Recorded data

----------

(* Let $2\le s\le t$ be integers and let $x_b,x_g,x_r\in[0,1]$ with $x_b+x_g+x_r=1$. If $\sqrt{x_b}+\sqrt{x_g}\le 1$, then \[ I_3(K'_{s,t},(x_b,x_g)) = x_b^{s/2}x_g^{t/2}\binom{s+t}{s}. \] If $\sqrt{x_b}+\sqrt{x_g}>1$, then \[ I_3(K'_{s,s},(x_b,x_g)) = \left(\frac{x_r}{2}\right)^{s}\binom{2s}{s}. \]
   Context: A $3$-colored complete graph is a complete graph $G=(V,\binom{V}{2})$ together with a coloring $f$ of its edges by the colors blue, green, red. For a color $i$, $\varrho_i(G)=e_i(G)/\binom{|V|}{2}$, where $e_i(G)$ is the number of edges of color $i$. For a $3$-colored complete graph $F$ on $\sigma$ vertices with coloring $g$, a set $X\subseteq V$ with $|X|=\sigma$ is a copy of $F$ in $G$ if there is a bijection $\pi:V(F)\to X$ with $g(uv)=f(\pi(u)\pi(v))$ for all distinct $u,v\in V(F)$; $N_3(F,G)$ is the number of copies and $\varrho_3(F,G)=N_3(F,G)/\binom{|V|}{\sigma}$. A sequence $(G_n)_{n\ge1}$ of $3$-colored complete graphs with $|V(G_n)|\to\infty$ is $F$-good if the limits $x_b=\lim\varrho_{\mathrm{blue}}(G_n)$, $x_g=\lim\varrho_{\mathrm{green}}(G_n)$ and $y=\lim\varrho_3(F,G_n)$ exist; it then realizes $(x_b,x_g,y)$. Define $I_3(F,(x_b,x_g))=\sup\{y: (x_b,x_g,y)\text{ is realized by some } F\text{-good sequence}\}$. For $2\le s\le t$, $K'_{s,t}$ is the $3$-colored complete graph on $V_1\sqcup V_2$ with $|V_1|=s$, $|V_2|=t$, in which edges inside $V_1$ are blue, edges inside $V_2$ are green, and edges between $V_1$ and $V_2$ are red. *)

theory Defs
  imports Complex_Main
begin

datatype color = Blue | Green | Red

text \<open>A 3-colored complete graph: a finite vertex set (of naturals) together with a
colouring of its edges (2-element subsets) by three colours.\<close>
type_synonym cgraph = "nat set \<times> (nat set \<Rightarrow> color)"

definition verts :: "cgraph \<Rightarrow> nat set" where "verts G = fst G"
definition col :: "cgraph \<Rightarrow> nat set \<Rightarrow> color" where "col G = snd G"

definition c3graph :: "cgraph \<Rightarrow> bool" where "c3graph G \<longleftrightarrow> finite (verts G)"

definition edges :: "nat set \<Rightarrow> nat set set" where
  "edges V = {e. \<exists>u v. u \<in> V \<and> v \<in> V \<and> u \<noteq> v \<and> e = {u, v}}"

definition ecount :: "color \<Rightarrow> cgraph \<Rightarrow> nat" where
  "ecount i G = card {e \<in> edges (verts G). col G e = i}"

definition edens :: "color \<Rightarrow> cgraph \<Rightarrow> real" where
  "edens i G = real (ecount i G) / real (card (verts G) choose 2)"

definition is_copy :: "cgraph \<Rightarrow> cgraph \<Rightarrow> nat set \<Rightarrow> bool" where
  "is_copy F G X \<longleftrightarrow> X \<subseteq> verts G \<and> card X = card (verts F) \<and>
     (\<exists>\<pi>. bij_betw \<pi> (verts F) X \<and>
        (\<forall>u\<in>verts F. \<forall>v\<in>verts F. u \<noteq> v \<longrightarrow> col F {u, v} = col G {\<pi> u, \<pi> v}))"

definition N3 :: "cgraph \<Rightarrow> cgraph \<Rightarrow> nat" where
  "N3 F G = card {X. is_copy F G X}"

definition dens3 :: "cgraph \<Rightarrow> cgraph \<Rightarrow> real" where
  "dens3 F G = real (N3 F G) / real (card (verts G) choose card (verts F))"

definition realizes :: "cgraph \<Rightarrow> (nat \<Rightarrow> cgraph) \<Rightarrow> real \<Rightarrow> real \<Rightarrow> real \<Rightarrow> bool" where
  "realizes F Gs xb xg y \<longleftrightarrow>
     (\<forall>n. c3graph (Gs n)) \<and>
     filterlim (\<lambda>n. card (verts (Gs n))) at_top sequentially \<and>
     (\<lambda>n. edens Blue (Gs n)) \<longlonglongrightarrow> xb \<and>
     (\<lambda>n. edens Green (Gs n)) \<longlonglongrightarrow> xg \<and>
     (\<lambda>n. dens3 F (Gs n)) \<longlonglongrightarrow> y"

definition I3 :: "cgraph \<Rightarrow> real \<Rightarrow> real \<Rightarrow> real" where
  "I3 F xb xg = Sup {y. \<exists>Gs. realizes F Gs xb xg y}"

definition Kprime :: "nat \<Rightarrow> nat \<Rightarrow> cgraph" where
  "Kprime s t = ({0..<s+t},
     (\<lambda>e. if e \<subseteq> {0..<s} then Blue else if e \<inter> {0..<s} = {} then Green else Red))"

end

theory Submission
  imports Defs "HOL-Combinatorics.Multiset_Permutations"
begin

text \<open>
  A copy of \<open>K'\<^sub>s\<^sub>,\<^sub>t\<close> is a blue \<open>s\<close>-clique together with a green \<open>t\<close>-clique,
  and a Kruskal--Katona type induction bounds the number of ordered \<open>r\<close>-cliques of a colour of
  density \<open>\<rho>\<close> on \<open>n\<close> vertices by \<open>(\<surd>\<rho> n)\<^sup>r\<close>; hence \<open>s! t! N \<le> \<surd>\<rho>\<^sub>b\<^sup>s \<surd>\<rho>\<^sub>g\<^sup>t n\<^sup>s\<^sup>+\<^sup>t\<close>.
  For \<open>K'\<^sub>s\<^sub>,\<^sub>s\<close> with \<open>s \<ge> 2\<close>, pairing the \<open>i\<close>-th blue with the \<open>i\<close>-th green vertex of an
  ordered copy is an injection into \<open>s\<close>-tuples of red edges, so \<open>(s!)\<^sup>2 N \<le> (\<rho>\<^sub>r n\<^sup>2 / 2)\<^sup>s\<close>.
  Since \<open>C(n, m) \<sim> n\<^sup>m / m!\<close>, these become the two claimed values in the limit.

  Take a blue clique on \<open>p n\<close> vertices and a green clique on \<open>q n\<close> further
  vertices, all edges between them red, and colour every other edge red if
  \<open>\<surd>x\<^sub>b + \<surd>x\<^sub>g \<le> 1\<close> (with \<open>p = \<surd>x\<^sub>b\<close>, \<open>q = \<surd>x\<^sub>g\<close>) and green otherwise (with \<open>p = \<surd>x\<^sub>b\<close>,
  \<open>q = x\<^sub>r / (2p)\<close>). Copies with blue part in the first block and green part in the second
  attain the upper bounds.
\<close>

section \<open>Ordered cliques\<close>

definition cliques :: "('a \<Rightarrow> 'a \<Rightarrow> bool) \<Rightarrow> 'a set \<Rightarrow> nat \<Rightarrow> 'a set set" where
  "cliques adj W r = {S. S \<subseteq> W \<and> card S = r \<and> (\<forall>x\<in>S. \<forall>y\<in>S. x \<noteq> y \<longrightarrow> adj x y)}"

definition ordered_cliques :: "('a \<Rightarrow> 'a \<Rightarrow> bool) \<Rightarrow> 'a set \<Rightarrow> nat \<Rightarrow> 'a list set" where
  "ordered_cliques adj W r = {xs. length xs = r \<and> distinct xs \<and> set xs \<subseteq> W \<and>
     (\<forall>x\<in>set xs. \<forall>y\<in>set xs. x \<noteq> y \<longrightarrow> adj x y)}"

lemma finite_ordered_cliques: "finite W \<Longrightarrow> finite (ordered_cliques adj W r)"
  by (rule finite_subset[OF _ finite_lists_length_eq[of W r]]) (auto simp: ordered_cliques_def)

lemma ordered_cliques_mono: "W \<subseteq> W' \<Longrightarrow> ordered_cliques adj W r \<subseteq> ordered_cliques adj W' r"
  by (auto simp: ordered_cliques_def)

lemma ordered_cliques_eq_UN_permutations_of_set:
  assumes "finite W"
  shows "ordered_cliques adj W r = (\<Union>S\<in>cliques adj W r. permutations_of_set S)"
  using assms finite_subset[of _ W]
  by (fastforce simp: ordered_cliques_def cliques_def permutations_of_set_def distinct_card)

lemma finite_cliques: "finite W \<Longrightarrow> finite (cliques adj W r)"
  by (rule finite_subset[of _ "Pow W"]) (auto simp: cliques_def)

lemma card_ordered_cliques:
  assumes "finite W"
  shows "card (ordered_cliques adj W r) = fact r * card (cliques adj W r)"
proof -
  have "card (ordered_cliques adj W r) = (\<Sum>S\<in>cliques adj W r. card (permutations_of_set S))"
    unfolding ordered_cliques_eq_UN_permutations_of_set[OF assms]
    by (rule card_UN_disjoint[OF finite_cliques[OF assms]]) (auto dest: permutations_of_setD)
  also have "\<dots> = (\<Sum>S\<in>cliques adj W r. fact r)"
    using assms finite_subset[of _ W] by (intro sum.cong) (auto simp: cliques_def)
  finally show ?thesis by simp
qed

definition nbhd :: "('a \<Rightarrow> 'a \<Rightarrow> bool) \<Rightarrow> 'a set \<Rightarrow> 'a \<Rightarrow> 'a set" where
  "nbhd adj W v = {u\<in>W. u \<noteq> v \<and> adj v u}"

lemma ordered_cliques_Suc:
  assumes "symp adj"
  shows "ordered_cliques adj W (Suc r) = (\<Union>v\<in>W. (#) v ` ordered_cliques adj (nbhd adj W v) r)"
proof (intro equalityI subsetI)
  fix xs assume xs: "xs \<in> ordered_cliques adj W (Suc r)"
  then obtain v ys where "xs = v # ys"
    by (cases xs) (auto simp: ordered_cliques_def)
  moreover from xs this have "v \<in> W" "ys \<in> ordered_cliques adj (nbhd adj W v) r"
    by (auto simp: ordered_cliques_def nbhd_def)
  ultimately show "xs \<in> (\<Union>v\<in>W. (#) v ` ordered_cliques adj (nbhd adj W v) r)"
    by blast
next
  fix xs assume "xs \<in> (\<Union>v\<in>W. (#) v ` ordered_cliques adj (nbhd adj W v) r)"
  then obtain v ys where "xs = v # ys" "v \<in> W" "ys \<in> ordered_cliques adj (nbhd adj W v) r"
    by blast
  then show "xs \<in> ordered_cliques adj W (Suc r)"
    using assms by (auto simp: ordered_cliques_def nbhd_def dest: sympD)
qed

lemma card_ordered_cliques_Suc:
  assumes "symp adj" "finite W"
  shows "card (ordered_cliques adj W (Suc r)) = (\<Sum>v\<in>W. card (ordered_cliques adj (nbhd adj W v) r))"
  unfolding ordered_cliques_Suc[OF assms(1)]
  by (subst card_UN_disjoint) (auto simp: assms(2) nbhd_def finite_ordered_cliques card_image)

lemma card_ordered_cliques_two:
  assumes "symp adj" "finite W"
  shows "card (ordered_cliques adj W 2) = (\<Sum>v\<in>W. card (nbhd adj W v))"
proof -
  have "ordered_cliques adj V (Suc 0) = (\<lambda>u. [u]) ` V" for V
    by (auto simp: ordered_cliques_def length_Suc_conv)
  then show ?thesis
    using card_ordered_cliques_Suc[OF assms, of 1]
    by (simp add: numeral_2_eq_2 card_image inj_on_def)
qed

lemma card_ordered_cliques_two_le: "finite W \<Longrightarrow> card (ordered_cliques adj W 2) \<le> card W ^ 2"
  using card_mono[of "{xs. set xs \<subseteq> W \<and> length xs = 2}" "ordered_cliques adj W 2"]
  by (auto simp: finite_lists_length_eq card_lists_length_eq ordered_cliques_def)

----------

ASSIGNMENT:
Print again the lines of the entries above that fall between the line holding "set \<Rightarrow> 'a" and the line holding "by (cases xs)", inclusive, exactly as they stand.

RESULT:
definition nbhd :: "('a \<Rightarrow> 'a \<Rightarrow> bool) \<Rightarrow> 'a set \<Rightarrow> 'a \<Rightarrow> 'a set" where
  "nbhd adj W v = {u\<in>W. u \<noteq> v \<and> adj v u}"

lemma ordered_cliques_Suc:
  assumes "symp adj"
  shows "ordered_cliques adj W (Suc r) = (\<Union>v\<in>W. (#) v ` ordered_cliques adj (nbhd adj W v) r)"
proof (intro equalityI subsetI)
  fix xs assume xs: "xs \<in> ordered_cliques adj W (Suc r)"
  then obtain v ys where "xs = v # ys"
    by (cases xs) (auto simp: ordered_cliques_def)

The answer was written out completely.